## The task
Please find every line in the entries below that contains the string "ultimately", and copy it.

## Provided entries
text \<open>Along a line in direction \<open>b\<close> the faces move monotonically in direction \<open>b\<close>, so
  the wide faces on the line occupy disjoint open intervals of values, each containing a rational.\<close>
lemma countable_wide_face_dirs_on_line: "countable {s::real. x + s *\<^sub>R b \<in> wide_face_dirs K b}"
proof -
  let ?C = "{s::real. x + s *\<^sub>R b \<in> wide_face_dirs K b}"
  let ?sep = "\<lambda>s q. q \<in> \<rat> \<and> (\<exists>y1\<in>face K (x + s *\<^sub>R b). \<exists>y2\<in>face K (x + s *\<^sub>R b).
      y1 \<bullet> b < q \<and> q < y2 \<bullet> b)"
  define q where "q s = (SOME q. ?sep s q)" for s
  have q: "?sep s (q s)" if "s \<in> ?C" for s
  proof -
    from that obtain y1 y2 where y: "y1 \<in> face K (x + s *\<^sub>R b)" "y2 \<in> face K (x + s *\<^sub>R b)"
      "y1 \<bullet> b < y2 \<bullet> b"
      by (auto simp: wide_face_dirs_def)
    obtain t where "t \<in> \<rat>" "y1 \<bullet> b < t" "t < y2 \<bullet> b" using Rats_dense_in_real[OF y(3)] by blast
    then have "\<exists>q. ?sep s q" using y by blast
    then show ?thesis unfolding q_def by (rule someI_ex)
  qed
  have mono: "q s < q s'" if s: "s \<in> ?C" and s': "s' \<in> ?C" and "s < s'" for s s'
  proof -
    obtain y2 where y2: "y2 \<in> face K (x + s *\<^sub>R b)" "q s < y2 \<bullet> b" using q[OF s] by blast
    obtain y1' where y1': "y1' \<in> face K (x + s' *\<^sub>R b)" "y1' \<bullet> b < q s'" using q[OF s'] by blast
    have "x + s' *\<^sub>R b = (x + s *\<^sub>R b) + (s' - s) *\<^sub>R b" by (simp add: algebra_simps)
    with y1'(1) have "y2 \<bullet> b \<le> y1' \<bullet> b"
      using face_monotone[OF y2(1)] \<open>s < s'\<close> by simp
    then show ?thesis using y2 y1' by linarith
  qed
  have "inj_on q ?C"
    by (rule inj_onI) (metis mono less_irrefl linorder_neqE_linordered_idom)
  moreover have "countable (q ` ?C)"
    using q countable_rat countable_subset[of "q ` ?C" \<rat>] by blast
  ultimately show ?thesis using countable_image_inj_on by blast
qed

lemma singular_dirs_null: "singular_dirs K \<in> null_sets lborel"
proof -
  have "wide_face_dirs K b \<in> null_sets lborel" for b
    using wide_face_dirs_borel
      lborel_null_if_countable_on_lines[OF wide_face_dirs_borel countable_wide_face_dirs_on_line]
    by (auto simp: null_sets_def)
  then show ?thesis unfolding singular_dirs_def
    by (intro null_sets_UN' countable_finite[OF finite_Basis]) auto
qed

lemma sphere_cone_singular_subset: "sphere_cone (singular_dirs K \<inter> sphere 0 1) \<subseteq> singular_dirs K"
proof
  fix z assume "z \<in> sphere_cone (singular_dirs K \<inter> sphere 0 1)"
  then obtain t u where z: "z = t *\<^sub>R u" "0 < t" "u \<in> singular_dirs K"
    unfolding sphere_cone_def by blast
  then show "z \<in> singular_dirs K"
    using face_scaleR[OF \<open>0 < t\<close>, of u] by (auto simp: singular_dirs_def wide_face_dirs_def)
qed

end

section \<open>The reverse radial Gauss map\<close>

definition face_point :: "'a::euclidean_space set \<Rightarrow> 'a \<Rightarrow> 'a" where
  "face_point K v = (SOME y. y \<in> face K v)"

text \<open>\<open>rev_radial_gauss K\<close> is the reverse radial Gauss map \<open>\<alpha>\<^sup>*\<^sub>K\<close>, defined on regular directions;
  on singular ones it takes an arbitrary unit value.\<close>
definition rev_radial_gauss :: "'a::euclidean_space set \<Rightarrow> 'a \<Rightarrow> 'a" where
  "rev_radial_gauss K v =
     (if v \<in> singular_dirs K then (SOME b. b \<in> Basis) else face_point K v /\<^sub>R norm (face_point K v))"

lemma space_sphere_borel: "space sphere_borel = sphere 0 1"
  by (simp add: sphere_borel_def space_restrict_space)

lemma sets_spherical_lebesgue: "sets spherical_lebesgue = sets sphere_borel"
proof -
  have "sets sphere_borel \<subseteq> Pow (sphere 0 1)"
    using sets.space_closed[of sphere_borel] by (simp add: space_sphere_borel)
  then have "sets spherical_lebesgue = sigma_sets (sphere 0 1) (sets sphere_borel)"
    unfolding spherical_lebesgue_def by (rule sets_measure_of)
  also have "\<dots> = sets sphere_borel"
    using sets.sigma_sets_eq[of sphere_borel] by (simp add: space_sphere_borel)
  finally show ?thesis .
qed

lemma space_eq_sphere: "sets M = sets sphere_borel \<Longrightarrow> space M = sphere 0 1"
  using sets_eq_imp_space_eq space_sphere_borel by metis

lemma borel_measurable_continuous_on_sphere:
  assumes "sets M = sets sphere_borel" "continuous_on (sphere 0 1) f"
  shows "f \<in> borel_measurable M"
proof -
  have "f \<in> borel_measurable sphere_borel"
    unfolding sphere_borel_def by (rule borel_measurable_continuous_on_restrict[OF assms(2)])
  then show ?thesis using measurable_cong_sets[OF assms(1) refl] by blast
qed

lemma continuous_on_sphere_bounded:
  fixes f :: "'a::euclidean_space \<Rightarrow> real"
  assumes "continuous_on (sphere 0 1) f"
  obtains B where "0 \<le> B" "\<And>x. x \<in> sphere 0 1 \<Longrightarrow> \<bar>f x\<bar> \<le> B"
proof -
  obtain b where "\<forall>y\<in>f ` sphere 0 1. norm y \<le> b"
    using compact_imp_bounded[OF compact_continuous_image[OF assms compact_sphere]]
    unfolding bounded_iff by blast
  then show ?thesis using that[of "max b 0"] by force
qed

lemma integrable_continuous_on_sphere:
  fixes f :: "'a::euclidean_space \<Rightarrow> real"
  assumes "sets M = sets sphere_borel" "finite_measure M" "continuous_on (sphere 0 1) f"
  shows "integrable M f"
proof -
  obtain b where "\<And>x. x \<in> sphere 0 1 \<Longrightarrow> \<bar>f x\<bar> \<le> b"
    using continuous_on_sphere_bounded[OF assms(3)] by blast
  then have "AE v in M. norm (f v) \<le> b" using space_eq_sphere[OF assms(1)] by (intro AE_I2) auto
  then show ?thesis
    using finite_measure.integrable_const_bound[OF assms(2) _ borel_measurable_continuous_on_sphere[OF assms(1,3)]]
    by blast
qed

lemma emeasure_completion_eq_of_null_diff:
  assumes N: "N \<in> null_sets M" and B: "B \<in> sets M" and AB: "A - N = B - N"
  shows "emeasure (completion M) A = emeasure M B"
proof -
  have N': "N \<in> null_sets (completion M)" using null_sets_completionI[OF N] .
  have "A = (B - N) \<union> (A \<inter> N)" using AB by blast
  moreover have "B - N \<in> sets M" using B null_setsD2[OF N] by (rule sets.Diff)
  ultimately have A: "A \<in> sets (completion M)" by (rule sets_completionI[OF _ Int_lower2 N])
  have "emeasure (completion M) A = emeasure (completion M) (A - N)"
    using emeasure_Diff_null_set[OF N' A] by simp
  also have "\<dots> = emeasure (completion M) (B - N)" by (simp only: AB)
  also have "\<dots> = emeasure (completion M) B"
    using emeasure_Diff_null_set[OF N' sets_completionI_sets[OF B]] by simp
  finally show ?thesis using B by simp
qed

context convex_body_balls
begin

lemma singular_dirs_sphere_null:
  assumes "absolutely_continuous spherical_lebesgue M"
  shows "singular_dirs K \<inter> sphere 0 1 \<in> null_sets M"
proof -
  have "sphere_cone (singular_dirs K \<inter> sphere 0 1) \<in> null_sets lebesgue"
    using null_sets_completion_subset[OF sphere_cone_singular_subset
        null_sets_completionI[OF singular_dirs_null]] .
  then have "emeasure spherical_lebesgue (singular_dirs K \<inter> sphere 0 1) = 0"
    unfolding spherical_lebesgue_def emeasure_measure_of_conv by auto
  moreover have "singular_dirs K \<inter> sphere 0 1 \<in> sets spherical_lebesgue"
    using singular_dirs_borel
    by (simp add: sets_spherical_lebesgue sphere_borel_def sets_restrict_space_iff)
  ultimately show ?thesis using assms unfolding absolutely_continuous_def by auto
qed

lemma face_point_face: "face_point K v \<in> face K v"
  unfolding face_point_def using face_nonempty by (metis ex_in_conv someI_ex)

lemma face_point_mem: "face_point K v \<in> K"
  using face_point_face by (auto simp: face_def)

lemma face_point_nonzero: assumes "v \<notin> singular_dirs K" shows "face_point K v \<noteq> 0"
proof -
  have "v \<noteq> 0" using assms zero_singular by auto
  then have "0 < supp K v" by (rule supp_pos)
  moreover have "face_point K v \<bullet> v = supp K v" using face_point_face by (simp add: face_def)
  ultimately show ?thesis by auto
qed

text \<open>The graph of \<open>face_point K\<close> over the regular directions is closed in \<open>(- singular_dirs K) \<times> K\<close>
  with \<open>K\<close> compact, which makes the map continuous there.\<close>
lemma continuous_on_face_point: "continuous_on (- singular_dirs K) (face_point K)"
proof -
  let ?R = "- singular_dirs K"
  have graph: "(\<lambda>x. (x, face_point K x)) ` ?R = (?R \<times> K) \<inter> {z. snd z \<bullet> fst z = supp K (fst z)}"
  proof (intro equalityI subsetI)
    fix z assume "z \<in> (\<lambda>x. (x, face_point K x)) ` ?R"
    then show "z \<in> (?R \<times> K) \<inter> {z. snd z \<bullet> fst z = supp K (fst z)}"
      using face_point_face by (auto simp: face_def)
  next
    fix z assume z: "z \<in> (?R \<times> K) \<inter> {z. snd z \<bullet> fst z = supp K (fst z)}"
    then have "snd z = face_point K (fst z)"
      using face_singleton[OF _ _ face_point_face] by (auto simp: face_def)
    then show "z \<in> (\<lambda>x. (x, face_point K x)) ` ?R"
      using z by (auto intro!: image_eqI[of _ _ "fst z"] prod_eqI)
  qed
  have "continuous_on UNIV (\<lambda>z::('a \<times> 'a). supp K (fst z))"
    by (rule continuous_on_compose2[OF continuous_on_supp_K continuous_on_fst]) auto
  then have "closed {z::('a \<times> 'a). snd z \<bullet> fst z = supp K (fst z)}"
    by (intro closed_Collect_eq continuous_intros)
  then have "closedin (top_of_set (?R \<times> K)) ((\<lambda>x. (x, face_point K x)) ` ?R)"
    unfolding graph by (rule closedin_closed_Int)
  moreover have "face_point K \<in> ?R \<rightarrow> K" using face_point_mem by blast
  ultimately show ?thesis using continuous_closed_graph_eq[OF K_compact] by blast
qed

lemma rev_radial_gauss_unit: "rev_radial_gauss K v \<in> sphere 0 1"
proof -
  have "(SOME b. b \<in> Basis) \<in> (Basis :: 'a set)"
    using nonempty_Basis by (metis ex_in_conv someI_ex)
  then show ?thesis using face_point_nonzero[of v] by (auto simp: rev_radial_gauss_def)
qed

lemma rev_radial_gauss_measurable: "rev_radial_gauss K \<in> sphere_borel \<rightarrow>\<^sub>M sphere_borel"
proof -
  have "rev_radial_gauss K \<in> borel_measurable borel"
    unfolding rev_radial_gauss_def Compl_iff[symmetric]
    using face_point_nonzero singular_dirs_borel
    by (intro borel_measurable_continuous_on_if continuous_intros continuous_on_face_point) auto
  then show ?thesis
    unfolding sphere_borel_def using rev_radial_gauss_unit
    by (intro measurable_restrict_space3) auto
qed

lemma radial_point_inner_le_supp: "u \<in> sphere 0 1 \<Longrightarrow> (radial K u *\<^sub>R u) \<bullet> v \<le> supp K v"
  using inner_le_supp_K[OF radial_point_mem] by blast

lemma radial_point_supporting_iff:
  assumes v: "v \<notin> singular_dirs K" and u: "u \<in> sphere 0 1"
  shows "(radial K u *\<^sub>R u) \<bullet> v = supp K v \<longleftrightarrow> u = rev_radial_gauss K v"
proof
  assume "(radial K u *\<^sub>R u) \<bullet> v = supp K v"
  then have "radial K u *\<^sub>R u \<in> face K v" using radial_point_mem[OF u] by (auto simp: face_def)
  then have y: "face_point K v = radial K u *\<^sub>R u" using face_singleton[OF v face_point_face] by blast
  then have "norm (face_point K v) = radial K u" using radial_pos[OF u] u by simp
  then show "u = rev_radial_gauss K v"
    using v y radial_pos[OF u] by (simp add: rev_radial_gauss_def)
next
  assume uv: "u = rev_radial_gauss K v"
  let ?y = "face_point K v"
  have "?y \<noteq> 0" using face_point_nonzero[OF v] .
  then have u_eq: "u = ?y /\<^sub>R norm ?y" and ny: "0 < norm ?y" using uv v by (auto simp: rev_radial_gauss_def)
  have le: "norm ?y \<le> radial K u" using norm_le_radial[OF face_point_mem \<open>?y \<noteq> 0\<close>] u_eq by simp
  have "v \<noteq> 0" using v zero_singular by auto
  have uv_eq: "u \<bullet> v = supp K v / norm ?y"
    using face_point_face u_eq by (simp add: face_def divide_inverse_commute)
  then have "0 < u \<bullet> v" using supp_pos[OF \<open>v \<noteq> 0\<close>] ny by simp
  then have "norm ?y * (u \<bullet> v) \<le> (radial K u *\<^sub>R u) \<bullet> v" using le by (simp add: mult_right_mono)
  also have "norm ?y * (u \<bullet> v) = supp K v" using uv_eq ny by simp
  finally show "(radial K u *\<^sub>R u) \<bullet> v = supp K v"
    using radial_point_inner_le_supp[OF u, of v] by linarith
qed

lemma supp_eq_radial_rev_radial_gauss:
  assumes "v \<notin> singular_dirs K"
  shows "supp K v = radial K (rev_radial_gauss K v) * (rev_radial_gauss K v \<bullet> v)"
  using radial_point_supporting_iff[OF assms rev_radial_gauss_unit[of v]] by simp

lemma inner_rev_radial_gauss_pos:
  assumes "v \<in> sphere 0 1" "v \<notin> singular_dirs K"
  shows "0 < rev_radial_gauss K v \<bullet> v"
  using supp_pos_sphere[OF assms(1)] supp_eq_radial_rev_radial_gauss[OF assms(2)]
    radial_pos[OF rev_radial_gauss_unit] by (metis zero_less_mult_pos)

## Written answer
  ultimately show ?thesis using countable_image_inj_on by blast
  ultimately have A: "A \<in> sets (completion M)" by (rule sets_completionI[OF _ Int_lower2 N])
  ultimately show ?thesis using assms unfolding absolutely_continuous_def by auto
  ultimately show ?thesis by auto
  ultimately show ?thesis using continuous_closed_graph_eq[OF K_compact] by blast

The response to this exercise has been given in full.